Unfortunately, the ephemeris data for the planets improved only slowly. It wasn't quite as difficult a problem in celestial mechanics as the Moon's motion, but it still took decades to develop good, predictive models. Consider that the distances of the planets were not included in the British Nautical Almanac --even for lunars-- until 1834. They might have been included to useful practical advantage at least a decade (and maybe two or three decades) earlier, and it seems that their absense was counted as yet more evidence that the Nautical Almanac was in bad need of a revision. Yet even in other nations' nautical almanacs, there were only experiments in planetary lunar distances through the late 1820s.

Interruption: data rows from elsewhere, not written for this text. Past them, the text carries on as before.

lemma square_integrable_diff_const:
  fixes X :: "'a \<Rightarrow> real"
  assumes "X \<in> borel_measurable M" and "integrable M (\<lambda>x. (X x)\<^sup>2)"
  shows "integrable M (\<lambda>x. (X x - c)\<^sup>2)"
  using square_integrable_diff[of X M "\<lambda>_. c"] assms by simp

lemma variance_diff_le:
  fixes X Y :: "'a \<Rightarrow> real"
  assumes [measurable]: "X \<in> borel_measurable M" "Y \<in> borel_measurable M"
    and sx: "integrable M (\<lambda>x. (X x)\<^sup>2)" and sy: "integrable M (\<lambda>x. (Y x)\<^sup>2)"
  shows "variance (\<lambda>x. X x - Y x) \<le> 2 * variance X + 2 * variance Y"
proof -
  let ?a = "expectation X" and ?b = "expectation Y"
  have "integrable M X" "integrable M Y"
    using square_integrable_imp_integrable[OF _ sx] square_integrable_imp_integrable[OF _ sy]
    by simp_all
  then have "expectation (\<lambda>x. X x - Y x) = ?a - ?b"
    by simp
  then have "variance (\<lambda>x. X x - Y x) = (\<integral>x. ((X x - ?a) - (Y x - ?b))\<^sup>2 \<partial>M)"
    by (simp only:) (simp add: algebra_simps)
  also have "\<dots> \<le> (\<integral>x. 2 * (X x - ?a)\<^sup>2 + 2 * (Y x - ?b)\<^sup>2 \<partial>M)"
  proof (rule integral_mono)
    have vx: "integrable M (\<lambda>x. (X x - ?a)\<^sup>2)" and vy: "integrable M (\<lambda>x. (Y x - ?b)\<^sup>2)"
      using sx sy by (simp_all add: square_integrable_diff_const)
    then show "integrable M (\<lambda>x. ((X x - ?a) - (Y x - ?b))\<^sup>2)"
      using square_integrable_diff[of "\<lambda>x. X x - ?a" M "\<lambda>x. Y x - ?b"] by simp
    show "integrable M (\<lambda>x. 2 * (X x - ?a)\<^sup>2 + 2 * (Y x - ?b)\<^sup>2)"
      using vx vy by simp
    show "((X x - ?a) - (Y x - ?b))\<^sup>2 \<le> 2 * (X x - ?a)\<^sup>2 + 2 * (Y x - ?b)\<^sup>2" for x
      using square_add_le[of "X x - ?a" "- (Y x - ?b)"] by (simp only: power2_minus diff_conv_add_uminus)
  qed
  also have "\<dots> = 2 * variance X + 2 * variance Y"
    using square_integrable_diff_const sx sy by simp
  finally show ?thesis .
qed

lemma variance_divide:
  fixes X :: "'a \<Rightarrow> real"
  assumes "integrable M X"
  shows "variance (\<lambda>x. X x / h) = variance X / h\<^sup>2"
  using assms by (simp add: diff_divide_distrib[symmetric] power_divide)

end

section \<open>An Efron--Stein inequality for coordinatewise Lipschitz functions\<close>

lemma square_integrable_lipschitz:
  fixes \<mu> :: "real measure" and \<phi> :: "real \<Rightarrow> real"
  assumes "prob_space \<mu>" and "integrable \<mu> (\<lambda>t. t\<^sup>2)"
    and [measurable]: "\<phi> \<in> borel_measurable \<mu>"
    and lip: "\<And>s t. \<bar>\<phi> s - \<phi> t\<bar> \<le> K * \<bar>s - t\<bar>"
  shows "integrable \<mu> (\<lambda>t. (\<phi> t)\<^sup>2)"
proof (rule Bochner_Integration.integrable_bound)
  interpret prob_space \<mu> by fact
  show "integrable \<mu> (\<lambda>t. 2 * (\<phi> 0)\<^sup>2 + 2 * (K * t)\<^sup>2)"
    using square_integrable_mult_left[OF assms(2)] by simp
  show "AE t in \<mu>. norm ((\<phi> t)\<^sup>2) \<le> norm (2 * (\<phi> 0)\<^sup>2 + 2 * (K * t)\<^sup>2)"
  proof (rule AE_I2)
    fix t
    have "\<bar>\<phi> t\<bar> \<le> \<bar>\<phi> 0\<bar> + \<bar>K * t\<bar>"
      using lip[of t 0] abs_ge_self[of K] abs_ge_zero[of t]
      by (simp add: abs_mult) (smt (verit) mult_right_mono)
    then have "(\<phi> t)\<^sup>2 \<le> (\<bar>\<phi> 0\<bar> + \<bar>K * t\<bar>)\<^sup>2"
      by (metis abs_ge_zero abs_le_square_iff abs_of_nonneg add_nonneg_nonneg)
    also have "\<dots> \<le> 2 * (\<phi> 0)\<^sup>2 + 2 * (K * t)\<^sup>2"
      using square_add_le[of "\<bar>\<phi> 0\<bar>" "\<bar>K * t\<bar>"] by simp
    finally show "norm ((\<phi> t)\<^sup>2) \<le> norm (2 * (\<phi> 0)\<^sup>2 + 2 * (K * t)\<^sup>2)"
      by simp
  qed
qed simp

lemma variance_lipschitz_le:
  fixes \<mu> :: "real measure" and \<phi> :: "real \<Rightarrow> real"
  assumes "prob_space \<mu>" and "sets \<mu> = sets borel" and "integrable \<mu> (\<lambda>t. t\<^sup>2)"
    and [measurable]: "\<phi> \<in> borel_measurable \<mu>"
    and lip: "\<And>s t. \<bar>\<phi> s - \<phi> t\<bar> \<le> K * \<bar>s - t\<bar>"
  shows "prob_space.variance \<mu> \<phi> \<le> K\<^sup>2 * prob_space.variance \<mu> (\<lambda>t. t)"
proof -
  interpret prob_space \<mu> by fact
  have [measurable]: "(\<lambda>t::real. t) \<in> borel_measurable \<mu>"
    by (subst measurable_cong_sets[OF assms(2) refl]) simp
  let ?m = "expectation (\<lambda>t. t)"
  have "variance \<phi> \<le> (\<integral>t. (\<phi> t - \<phi> ?m)\<^sup>2 \<partial>\<mu>)"
    using square_integrable_lipschitz[OF assms(1,3,4) lip]
    by (intro variance_le_integral_square_diff) simp_all
  also have "\<dots> \<le> (\<integral>t. K\<^sup>2 * (t - ?m)\<^sup>2 \<partial>\<mu>)"
  proof (rule integral_mono)
    show "integrable \<mu> (\<lambda>t. (\<phi> t - \<phi> ?m)\<^sup>2)"
      using square_integrable_lipschitz[OF assms(1,3,4) lip]
      by (intro square_integrable_diff_const) simp_all
    show "integrable \<mu> (\<lambda>t. K\<^sup>2 * (t - ?m)\<^sup>2)"
      using square_integrable_diff_const[of "\<lambda>t. t"] assms(3) by simp
    fix t
    have "\<bar>\<phi> t - \<phi> ?m\<bar>\<^sup>2 \<le> (K * \<bar>t - ?m\<bar>)\<^sup>2"
      using lip by (rule power_mono) simp
    then show "(\<phi> t - \<phi> ?m)\<^sup>2 \<le> K\<^sup>2 * (t - ?m)\<^sup>2"
      by (simp add: power_mult_distrib)
  qed
  also have "\<dots> = K\<^sup>2 * variance (\<lambda>t. t)"
    by simp
  finally show ?thesis .
qed

definition coordinatewise_lipschitz ::
  "'i set \<Rightarrow> ('i \<Rightarrow> real) \<Rightarrow> (('i \<Rightarrow> real) \<Rightarrow> real) \<Rightarrow> bool" where
  "coordinatewise_lipschitz I K f \<longleftrightarrow>
     (\<forall>x \<in> I \<rightarrow>\<^sub>E UNIV. \<forall>i \<in> I. \<forall>t. \<bar>f (x(i := t)) - f x\<bar> \<le> K i * \<bar>t - x i\<bar>)"

lemma coordinatewise_lipschitz_fibre:
  assumes "coordinatewise_lipschitz (insert i I) K f" and "x \<in> I \<rightarrow>\<^sub>E UNIV"
  shows "\<bar>f (x(i := t)) - f (x(i := s))\<bar> \<le> K i * \<bar>t - s\<bar>"
proof -
  have "x(i := s) \<in> insert i I \<rightarrow>\<^sub>E UNIV"
    using assms(2) by (auto simp: PiE_def extensional_def)
  then show ?thesis
    using assms(1) unfolding coordinatewise_lipschitz_def by fastforce
qed

locale real_product_prob_space =
  fixes \<mu> :: "'i \<Rightarrow> real measure"
  assumes prob_space_factor: "\<And>i. prob_space (\<mu> i)"
    and sets_factor: "\<And>i. sets (\<mu> i) = sets borel"
    and second_moment_factor: "\<And>i. integrable (\<mu> i) (\<lambda>t. t\<^sup>2)"
begin

sublocale product_sigma_finite \<mu>
  by (simp add: product_sigma_finite_def prob_space_imp_sigma_finite prob_space_factor)

lemma space_PiM_factors: "space (PiM I \<mu>) = I \<rightarrow>\<^sub>E UNIV"
  using sets_eq_imp_space_eq[OF sets_factor] by (simp add: space_PiM)

definition average_out :: "'i \<Rightarrow> (('i \<Rightarrow> real) \<Rightarrow> real) \<Rightarrow> ('i \<Rightarrow> real) \<Rightarrow> real" where
  "average_out i f x = (\<integral>t. f (x(i := t)) \<partial>\<mu> i)"

lemma measurable_fibre:
  assumes "i \<notin> I" and "f \<in> borel_measurable (PiM (insert i I) \<mu>)" and "x \<in> space (PiM I \<mu>)"
  shows "(\<lambda>t. f (x(i := t))) \<in> borel_measurable (\<mu> i)"
  using measurable_comp[OF measurable_component_update[OF assms(3,1)] assms(2)]
  by (simp add: comp_def)

lemma square_integrable_fibre:
  assumes "i \<notin> I" and "f \<in> borel_measurable (PiM (insert i I) \<mu>)" and "x \<in> space (PiM I \<mu>)"
    and "coordinatewise_lipschitz (insert i I) K f"
  shows "integrable (\<mu> i) (\<lambda>t. (f (x(i := t)))\<^sup>2)"
proof (rule square_integrable_lipschitz[OF prob_space_factor second_moment_factor
      measurable_fibre[OF assms(1-3)]])
  show "\<bar>f (x(i := s)) - f (x(i := t))\<bar> \<le> K i * \<bar>s - t\<bar>" for s t
    using coordinatewise_lipschitz_fibre[OF assms(4)] assms(3) by (simp add: space_PiM_factors)
qed

lemma integrable_fibre:
  assumes "i \<notin> I" and "f \<in> borel_measurable (PiM (insert i I) \<mu>)" and "x \<in> space (PiM I \<mu>)"
    and "coordinatewise_lipschitz (insert i I) K f"
  shows "integrable (\<mu> i) (\<lambda>t. f (x(i := t)))"
proof -
  interpret prob_space "\<mu> i" by (rule prob_space_factor)
  show ?thesis
    using square_integrable_imp_integrable[OF measurable_fibre[OF assms(1-3)]
        square_integrable_fibre[OF assms]] .
qed

lemma measurable_average_out:
  assumes "f \<in> borel_measurable (PiM (insert i I) \<mu>)" and "i \<notin> I"
  shows "average_out i f \<in> borel_measurable (PiM I \<mu>)"
proof -
  have "(\<lambda>(x, t). f (x(i := t))) \<in> borel_measurable (PiM I \<mu> \<Otimes>\<^sub>M \<mu> i)"
    using measurable_comp[OF measurable_add_dim assms(1)] by (simp add: comp_def case_prod_beta)
  then show ?thesis
    unfolding average_out_def
    by (rule sigma_finite_measure.borel_measurable_lebesgue_integral[OF
          prob_space_imp_sigma_finite[OF prob_space_factor]])
qed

Have you looked at pure Venus distances? One could measure the angular distance of Venus from a bright star when Venus is near inferior conjunction. It moves significantly faster than the Sun, and the coordinates of the stars were reliable and accurate from the early 18th century. But then we're limited to perhaps 25% of each synodic period for Venus when we can make such observations. In addition Venus has a semi-diameter that is large enough to confuse and reduce accuracy for measured angular distances unless a navigator is quite careful. But they would work --with limited accuracy. These would be "Venereal Distances".
We need to find some fast asteroids! :) I have observed multiple small nearby asteroids with motion visible in seconds at 60x through a telescope. But for sextant observations, we need something bigger and faster. Yeah, that's it. We need more big, fast asteroids buzzing the Earth. Problem solved.